If you are like me and get paid every 2 weeks as opposed to twice a month, December may have been one of those "special" months with an extra payday. This month my fiance and I will both be getting paid the 1st, the 15th and the 29th. With the exception of our mortgage which is paid every two weeks, all of our other expenses are monthly. Therefore last Friday's paycheck "drops to the bottom line". The real question is, what should I do with this extra money?

With Christmas approaching, it would be very easy to simply plow all that money towards presents, but at risk of sounding like a Scrooge, I'm simply not willing to spend that much on presents.
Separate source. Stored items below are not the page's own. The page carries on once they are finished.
text \<open>p is not the constant 1: otherwise p(1/n, ..., 1/n) = 1 forces all other
  (nonnegative) coefficients to vanish, contradicting d >= 1.\<close>
lemma p_const_ne_1: "p (\<lambda>_. 0) \<noteq> 1"
proof
  assume const: "p (\<lambda>_. 0) = 1"
  define x :: "nat \<Rightarrow> real" where "x = (\<lambda>_. 1 / real n)"
  have "(\<Sum>i<n. x i) = 1" using n_pos by (simp add: x_def)
  then have ev: "eval n p x = 1" by (rule p_on_simplex)
  have zero: "(\<lambda>_. 0) \<in> supp p" using const by (simp add: supp_def)
  have term_value: "p m * mon n m x = p m * (1 / real n) ^ deg n m" for m
    by (simp add: mon_def x_def deg_def power_sum)
  have "eval n p x = p (\<lambda>_. 0) + (\<Sum>m\<in>supp p - {\<lambda>_. 0}. p m * mon n m x)"
    unfolding eval_superset[OF finite_supp_p subset_refl] using finite_supp_p zero
    by (simp add: sum.remove mon_def)
  then have "(\<Sum>m\<in>supp p - {\<lambda>_. 0}. p m * (1 / real n) ^ deg n m) = 0"
    using ev const by (simp add: term_value)
  then have "\<forall>m\<in>supp p - {\<lambda>_. 0}. p m * (1 / real n) ^ deg n m = 0"
    using finite_supp_p by (subst sum_nonneg_eq_0_iff[symmetric]) (auto intro: mult_nonneg_nonneg p_nonneg)
  then have "supp p = {\<lambda>_. 0}" using n_pos zero by (auto simp: supp_def)
  then show False using H d_pos by (simp add: H_def total_degree_def deg_def)
qed

lemma dehom_hom_exp: "m \<in> supp p \<Longrightarrow> dehom_exp n (hom_exp n d m) = m"
  by (auto simp: dehom_exp_def hom_exp_def supp_p_vars)

lemma P_hom_hom_exp:
  assumes m: "m \<in> supp p"
  shows "P_hom n d p (hom_exp n d m) = p m * (-1) ^ (d - deg n m)"
proof -
  have "hom_exp n d m \<in> hom_exp n d ` supp p" using m by blast
  then have "P_hom n d p (hom_exp n d m) = p (dehom_exp n (hom_exp n d m)) * (-1) ^ (hom_exp n d m 0)"
    unfolding P_hom_def by (rule if_P)
  moreover have "hom_exp n d m 0 = d - deg n m" by (simp add: hom_exp_def)
  ultimately show ?thesis using dehom_hom_exp[OF m] by simp
qed

lemma finite_supp_P_hom: "finite (supp (P_hom n d p))"
  by (rule finite_subset[OF supp_P_hom]) (use finite_supp_p in simp)

lemma eval_P_hom: "eval (Suc n) (P_hom n d p) X =
   (\<Sum>m\<in>supp p. p m * (\<Prod>i<n. X (Suc i) ^ m i) * (- X 0) ^ (d - deg n m))"
proof -
  have "eval (Suc n) (P_hom n d p) X =
        (\<Sum>M\<in>hom_exp n d ` supp p. P_hom n d p M * mon (Suc n) M X)"
    by (rule eval_superset[OF _ supp_P_hom]) (use finite_supp_p in auto)
  also have "\<dots> = (\<Sum>m\<in>supp p. P_hom n d p (hom_exp n d m) * mon (Suc n) (hom_exp n d m) X)"
    by (subst sum.reindex) (auto intro!: inj_on_subset[OF hom_exp_inj])
  also have "\<dots> = (\<Sum>m\<in>supp p. p m * (\<Prod>i<n. X (Suc i) ^ m i) * (- X 0) ^ (d - deg n m))"
    by (intro sum.cong refl)
       (simp add: P_hom_hom_exp mon_hom_exp power_minus[of "X 0"] mult_ac)
  finally show ?thesis .
qed

lemma eval_P_coeff: "eval (Suc n) (P_coeff n d p) X = induced n d p X"
  unfolding P_coeff_def eval_diff[OF finite_supp_P_hom finite_supp_P_X0] eval_P_hom eval_P_X0
    induced_def by simp

lemma supp_P_coeff: "supp (P_coeff n d p) \<subseteq> hom_exp n d ` supp p \<union> {X0_exp d}"
  using supp_P_hom by (auto simp: supp_def P_coeff_def P_X0_def split: if_splits)

lemma homogeneous_P_coeff: "homogeneous n d (P_coeff n d p)"
  unfolding homogeneous_def
proof (intro allI impI)
  fix M assume "P_coeff n d p M \<noteq> 0"
  then have "M \<in> hom_exp n d ` supp p \<union> {X0_exp d}" using supp_P_coeff by (auto simp: supp_def)
  then show "homog_exp n d M"
  proof
    assume "M \<in> hom_exp n d ` supp p"
    then obtain m where m: "m \<in> supp p" "M = hom_exp n d m" by auto
    have "(\<Sum>i<Suc n. M i) = (d - deg n m) + deg n m"
      unfolding m(2) sum.lessThan_Suc_shift by (simp add: hom_exp_def deg_def)
    then show ?thesis using m deg_le[OF m(1)] by (auto simp: homog_exp_def hom_exp_def supp_p_vars)
  qed (auto simp: homog_exp_def X0_exp_def)
qed

lemma finite_supp_P_coeff: "finite (supp (P_coeff n d p))"
  by (rule finite_subset[OF supp_P_coeff]) (use finite_supp_p in simp)

lemma is_poly_P_coeff: "is_poly (Suc n) (P_coeff n d p)"
  using finite_supp_P_coeff homogeneous_P_coeff
  unfolding is_poly_def homogeneous_def homog_exp_def supp_def by auto

text \<open>The coefficient of X_0^d in P is (-1)^d (p(0) - 1), which is nonzero.\<close>
lemma P_coeff_X0_exp: "P_coeff n d p (X0_exp d) \<noteq> 0"
proof -
  have X0: "X0_exp d = hom_exp n d (\<lambda>_. 0)" by (auto simp: X0_exp_def hom_exp_def deg_def)
  have "P_coeff n d p (X0_exp d) = (-1) ^ d * (p (\<lambda>_. 0) - 1)"
  proof (cases "(\<lambda>_. 0) \<in> supp p")
    case True
    then show ?thesis
      using P_hom_hom_exp[OF True] by (simp add: P_coeff_def P_X0_def X0 deg_def algebra_simps)
  next
    case False
    moreover have "X0_exp d \<notin> hom_exp n d ` supp p"
    proof
      assume "X0_exp d \<in> hom_exp n d ` supp p"
      then obtain m where m: "m \<in> supp p" "X0_exp d = hom_exp n d m" by auto
      have "dehom_exp n (X0_exp d) = (\<lambda>_. 0)" by (auto simp: dehom_exp_def X0_exp_def)
      then have "m = (\<lambda>_. 0)" using m dehom_hom_exp by metis
      then show False using False m(1) by simp
    qed
    ultimately show ?thesis by (simp add: P_coeff_def P_hom_def P_X0_def supp_def)
  qed
  then show ?thesis using p_const_ne_1 by simp
qed

lemma P_coeff_hom_exp:
  assumes m: "m \<in> supp p" and ne: "hom_exp n d m \<noteq> X0_exp d"
  shows "P_coeff n d p (hom_exp n d m) = p m * (-1) ^ (d - deg n m)"
  using P_hom_hom_exp[OF m] ne by (simp add: P_coeff_def P_X0_def)

text \<open>At the point (-n, 1, ..., 1), where S vanishes, every term of P other than
  X_0^d is positive.\<close>
lemma P_term_pos:
  assumes nz: "P_coeff n d p M \<noteq> 0" and ne: "M \<noteq> X0_exp d"
  shows "P_coeff n d p M * mon (Suc n) M (\<lambda>i. if i = 0 then - real n else 1) > 0"
proof -
  obtain m where m: "m \<in> supp p" "M = hom_exp n d m" using nz ne supp_P_coeff by (auto simp: supp_def)
  have "p m > 0" using m p_nonneg[of m] by (simp add: supp_def order_le_less)
  have "P_coeff n d p M * mon (Suc n) M (\<lambda>i. if i = 0 then - real n else 1)
        = p m * ((-1) ^ (d - deg n m) * (- real n) ^ (d - deg n m))"
    using P_coeff_hom_exp[OF m(1)] m ne by (simp add: mon_hom_exp)
  also have "\<dots> = p m * real n ^ (d - deg n m)" by (simp add: power_mult_distrib[symmetric])
  also have "\<dots> > 0" using \<open>p m > 0\<close> n_pos by simp
  finally show ?thesis .
qed
lemma forces_eq_sum_bond_angle:
  fixes \<psi> :: "real \<Rightarrow> real"
  assumes "\<And>x. \<psi> (x + 1) = \<psi> x" "\<xi> \<in> Lambda"
  shows "forces \<psi> \<xi> = (\<Sum>i\<in>{1..6}. deriv \<psi> (bond_angle (\<xi>, \<xi> + a_vec i)))"
proof -
  have "Rxi \<xi> = (\<lambda>i. (\<xi>, \<xi> + a_vec i)) ` {1..6}"
    unfolding Rxi_def by auto
  moreover have "inj_on (\<lambda>i. (\<xi>, \<xi> + a_vec i)) {1..6}"
    using a_vec_inj_on by (auto simp: inj_on_def)
  ultimately have "forces \<psi> \<xi> = (\<Sum>i\<in>{1..6}. deriv \<psi> (Dif yhat (\<xi>, \<xi> + a_vec i)))"
    by (simp add: forces_def sum.reindex)
  also have "\<dots> = (\<Sum>i\<in>{1..6}. deriv \<psi> (bond_angle (\<xi>, \<xi> + a_vec i)))"
  proof (rule sum.cong)
    fix i :: nat
    assume "i \<in> {1..6}"
    then have "Dif yhat (\<xi>, \<xi> + a_vec i) - bond_angle (\<xi>, \<xi> + a_vec i) \<in> \<int>"
      using Dif_yhat_minus_Arg_Ints Lambda_neighbour_Arg(1,2)[OF assms(2)] by (simp add: bond_angle_def)
    then obtain k where "Dif yhat (\<xi>, \<xi> + a_vec i) - bond_angle (\<xi>, \<xi> + a_vec i) = of_int k"
      by (rule Ints_cases)
    then have "Dif yhat (\<xi>, \<xi> + a_vec i) = bond_angle (\<xi>, \<xi> + a_vec i) + of_int k"
      by (simp add: algebra_simps)
    then show "deriv \<psi> (Dif yhat (\<xi>, \<xi> + a_vec i)) = deriv \<psi> (bond_angle (\<xi>, \<xi> + a_vec i))"
      using deriv_shift_periodic[of \<psi>, OF assms(1)] by simp
  qed simp
  finally show ?thesis .
qed

lemma abs_Arg_neighbour_le:
  assumes "2 \<le> cmod \<xi>"
  shows "\<bar>Arg ((\<xi> + a_vec i) / \<xi>)\<bar> \<le> 2 / cmod \<xi>"
proof -
  have "\<xi> \<noteq> 0" "cmod (a_vec i / \<xi>) = 1 / cmod \<xi>"
    using assms by (auto simp: norm_divide)
  moreover have "1 / cmod \<xi> \<le> 1/2"
    using assms by (simp add: divide_le_eq)
  ultimately show ?thesis
    using abs_Arg_one_plus_le[of "a_vec i / \<xi>"] by (simp add: add_divide_distrib)
qed

lemma prod_one_plus_a_vec: "(\<Prod>i\<in>{1..6}. 1 + a_vec i * w) = 1 - w ^ 6"
proof -
  have "(\<Prod>i\<in>{1..6}. 1 + a_vec i * w) =
      (1 + a_vec 1 * w) * (1 + a_vec 2 * w) * (1 + a_vec 3 * w) *
      (1 + a_vec 4 * w) * (1 + a_vec 5 * w) * (1 + a_vec 6 * w)"
    by (simp add: numeral_eq_Suc mult.assoc)
  then show ?thesis
    unfolding a_vec_values using omega_squared by algebra
qed

lemma abs_sum_Arg_neighbours_le:
  assumes "4 \<le> cmod \<xi>"
  shows "\<bar>\<Sum>i\<in>{1..6}. Arg ((\<xi> + a_vec i) / \<xi>)\<bar> \<le> 2 / cmod \<xi> ^ 6"
proof -
  define w where "w = 1 / \<xi>"
  have w: "cmod w = 1 / cmod \<xi>" "cmod w \<le> 1/4"
    using assms by (auto simp: w_def norm_divide divide_le_eq)
  have "\<xi> \<noteq> 0"
    using assms by auto
  then have ratio: "(\<xi> + a_vec i) / \<xi> = 1 + a_vec i * w" for i
    by (simp add: w_def field_simps)
  have nonzero: "1 + a_vec i * w \<noteq> 0" for i
  proof
    assume "1 + a_vec i * w = 0"
    then have "a_vec i * w = - 1"
      by (rule add_eq_0_iff[THEN iffD1])
    then have "cmod (a_vec i * w) = 1"
      by simp
    then show False
      using w(2) by (simp add: norm_mult)
  qed
  have "\<bar>\<Sum>i\<in>{1..6}. Arg (1 + a_vec i * w)\<bar> \<le> (\<Sum>i\<in>{1..6::nat}. 2 * cmod w)"
    using w(2) abs_Arg_one_plus_le[of "a_vec _ * w"]
    by (intro order.trans[OF sum_abs] sum_mono) (simp add: norm_mult)
  also have "\<dots> \<le> 3"
    using w(2) by simp
  finally have sum_le: "\<bar>\<Sum>i\<in>{1..6}. Arg (1 + a_vec i * w)\<bar> \<le> 3" .
  have "cmod (w ^ 6) = cmod w ^ 6"
    by (simp add: norm_power)
  also have "\<dots> \<le> (1/4) ^ 6"
    using w(2) by (intro power_mono) auto
  also have "(1/4 :: real) ^ 6 \<le> 1/2"
    by (simp add: power_divide)
  finally have w6: "cmod (w ^ 6) \<le> 1/2" .
  then have Arg6: "\<bar>Arg (1 - w ^ 6)\<bar> \<le> 2 * cmod (w ^ 6)"
    using abs_Arg_one_plus_le[of "- (w ^ 6)"] by simp
  have "\<bar>\<Sum>i\<in>{1..6}. Arg (1 + a_vec i * w)\<bar> + \<bar>Arg (1 - w ^ 6)\<bar> < 2*pi"
    using sum_le Arg6 w6 pi_gt3 by linarith
  then have "(\<Sum>i\<in>{1..6}. Arg (1 + a_vec i * w)) = Arg (1 - w ^ 6)"
    using sum_Arg_eq_Arg_prod[of "{1..6}" "\<lambda>i. 1 + a_vec i * w", unfolded prod_one_plus_a_vec]
      nonzero by blast
  moreover have "cmod (w ^ 6) = 1 / cmod \<xi> ^ 6"
    by (simp add: w_def norm_power norm_divide power_one_over)
  ultimately show ?thesis
    unfolding ratio using Arg6 by simp
qed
So here is my plan: treat the money like any other paycheck, and the leftovers go to presents. What do I mean by this? Well, my student loan, car loan and savings (RSP/Emergency) come out on the 15th and 30th each month. Since I have cheques coming on the 15th and again on the 29th, those regular payments are already taken care of. Therefore, this month I will be making an extra car, student loan and savings payment. There will be some left over as water, electricity, property tax, cable/phone wont need an extra payment. It is this money that will be applied to presents. The funny thing is, after doing the math, it works out perfectly with what I was planning on spending anyway.

I'd be interested to know what anybody else in this situation is doing with this windfall.